Listed Building – Grade II*
- Official name: Crimble Mill: spinning mill, attached engine house and fire-proof warehouse, and attached warehouse
- Designated: 15 December 1967
- Reference no.: 1187124

Listed Building – Grade II
- Official name: Crimble Mill: mill chimney
- Designated: 2 August 2019
- Reference no.: 1464917

= Crimble Mill =

Listed building in Heywood, Greater Manchester, England

Crimble Mill is a Grade II* listed former textile mill on Crimble Lane in Heywood, a town within the Metropolitan Borough of Rochdale, Greater Manchester, England. Historically part of Lancashire, it was built in the early 19th century for cotton spinning and later adapted for wool production. Vacant since 2002, the mill is on Historic England's Heritage at Risk Register following years of deterioration, including a partial roof collapse in 2019. A major redevelopment approved in 2023 aims to restore the building for residential and commercial use.

==History==
Crimble Mill originated as a water-powered fulling mill established by Richard Kenyon around 1761 on the River Roch in Heywood. The site remained in Kenyon family ownership for several decades, with cotton spinning machinery introduced in 1803.

In 1821 the mill was destroyed during a storm, which also demolished an adjoining cottage and killed the family living there. At the time, rebuilding work was underway, but following the disaster and the death of John Kenyon, a cousin and owner, in early 1822, the estate passed to executors and was put up for auction. With no male heirs to inherit, the property was eventually sold to Charles Stott, who rebuilt the mill as a cotton spinning facility.

Steam power was added by the mid-19th century, and an engine house, fireproof warehouse, and chimney were constructed during this period. The Kenyon family repurchased the site in 1859, forming the Crimble Cotton Spinning Company Limited. By the 1880s, the mill had been converted to integrated woollen production under James Kenyon & Son, with significant alterations including new sheds, warehouses, and sprinkler systems.

Further expansions occurred in the early 20th century, including a large north-light shed in around 1902 and a new power system in 1924 featuring a Musgrave engine. Additional sheds and structural modifications were made in the 1930s and 1940s, along with the establishment of a research laboratory.

On 15 December 1967, Crimble Mill was designated a Grade II* listed building. In 1968 James Kenyon & Son was sold to Albany Felt Company, and later Roeacre Dyeing and Spinning operated on the site until closure in 2002.

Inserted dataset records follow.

lemma abs_qf_le:
  fixes D :: "real^'n^'n"
  assumes "nonneg_vec z"
  shows "\<bar>qf D z\<bar> \<le> norm D * (\<Sum>i\<in>UNIV. z$i)\<^sup>2"
proof -
  have z: "0 \<le> z$i" for i
    using assms unfolding nonneg_vec_def by auto
  have "\<bar>qf D z\<bar> \<le> (\<Sum>i\<in>UNIV. \<Sum>j\<in>UNIV. \<bar>D$i$j * z$i * z$j\<bar>)"
    unfolding qf_expand by (rule order_trans[OF sum_abs]) (intro sum_mono sum_abs)
  also have "\<dots> \<le> (\<Sum>i\<in>UNIV. \<Sum>j\<in>UNIV. norm D * z$i * z$j)"
  proof (intro sum_mono)
    fix i j
    have "\<bar>D$i$j\<bar> \<le> norm D"
      using Finite_Cartesian_Product.norm_nth_le[of "D$i" j] Finite_Cartesian_Product.norm_nth_le[of D i] by simp
    then show "\<bar>D$i$j * z$i * z$j\<bar> \<le> norm D * z$i * z$j"
      using z[of i] z[of j] by (simp add: abs_mult mult_right_mono)
  qed
  also have "\<dots> = norm D * (\<Sum>i\<in>UNIV. z$i)\<^sup>2"
    by (simp add: power2_eq_square sum_distrib_left sum_distrib_right algebra_simps)
  finally show ?thesis .
qed

lemma nonneg_vec_sum_pos:
  assumes "nonneg_vec x" "x \<noteq> 0"
  shows "0 < (\<Sum>i\<in>UNIV. x$i)"
proof -
  have x: "0 \<le> x$i" for i
    using assms(1) unfolding nonneg_vec_def by auto
  obtain j where "x$j \<noteq> 0"
    using assms(2) by (metis vec_eq_iff zero_index)
  with x[of j] have "0 < x$j" by simp
  then show ?thesis
    using x by (intro sum_pos2[of UNIV j]) auto
qed

lemma copositive_margin:
  fixes P :: "real^'n^'n"
  assumes pos: "\<And>x. nonneg_vec x \<Longrightarrow> x \<noteq> 0 \<Longrightarrow> 0 < qf P x"
  obtains m where "0 < m" "\<And>x. nonneg_vec x \<Longrightarrow> m * (\<Sum>i\<in>UNIV. x$i)\<^sup>2 \<le> qf P x"
proof -
  define S where "S = {x::real^'n. nonneg_vec x \<and> (\<Sum>i\<in>UNIV. x$i) = 1}"
  have "closed S"
    unfolding S_def nonneg_vec_def Collect_conj_eq
    by (intro closed_Int closed_Collect_all closed_Collect_le closed_Collect_eq continuous_intros)
  moreover have "bounded S"
    unfolding bounded_iff
  proof (intro exI ballI)
    fix x assume "x \<in> S"
    then have "(\<Sum>i\<in>UNIV. \<bar>x$i\<bar>) = 1"
      unfolding S_def nonneg_vec_def by simp
    then show "norm x \<le> 1"
      using norm_le_l1_cart[of x] by simp
  qed
  moreover have "axis undefined 1 \<in> S"
    unfolding S_def nonneg_vec_def by (simp add: axis_def)
  moreover have "continuous_on S (qf P)"
    unfolding qf_expand[abs_def] by (intro continuous_intros)
  ultimately obtain x0 where x0: "x0 \<in> S" and x0_min: "\<And>y. y \<in> S \<Longrightarrow> qf P x0 \<le> qf P y"
    using continuous_attains_inf[of S "qf P"] by (metis compact_eq_bounded_closed empty_iff)
  have "qf P x0 * (\<Sum>i\<in>UNIV. x$i)\<^sup>2 \<le> qf P x" if x: "nonneg_vec x" for x
  proof (cases "x = 0")
    case False
    define \<sigma> where "\<sigma> = (\<Sum>i\<in>UNIV. x$i)"
    have "0 < \<sigma>"
      using nonneg_vec_sum_pos[OF x False] unfolding \<sigma>_def .
    define z where "z = (1/\<sigma>) *\<^sub>R x"
    have "z \<in> S"
      using \<open>0 < \<sigma>\<close> x by (auto simp: S_def z_def nonneg_vec_def \<sigma>_def sum_divide_distrib[symmetric])
    moreover have "x = \<sigma> *\<^sub>R z"
      unfolding z_def using \<open>0 < \<sigma>\<close> by simp
    ultimately show ?thesis
      using x0_min[of z] mult_left_mono[of "qf P x0" "qf P z" "\<sigma>\<^sup>2"] unfolding \<sigma>_def[symmetric]
      by (simp add: qf_scaleR mult.commute)
  qed simp
  moreover have "0 < qf P x0"
    using x0 pos unfolding S_def by fastforce
  ultimately show ?thesis
    using that by blast
qed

Much of the complex has remained vacant since, and in June 2019 part of the roof of the 1850s fireproof warehouse collapsed, prompting emergency stabilisation works.

===Redevelopment===
The mill buildings and surrounding land were acquired by a property investment and development company in September 2015. A planning application to restore Crimble Mill and redevelop the site was submitted to Rochdale Council in July 2022.

In August 2023, the redevelopment scheme received approval. The project aims to restore the mill and convert its upper floors into residential apartments, with the ground floor adapted for commercial and community use. The proposals also include the demolition of non-listed structures, restoration of the mill pond and leat, flood alleviation works, and improvements to Crimble Lane and public rights of way.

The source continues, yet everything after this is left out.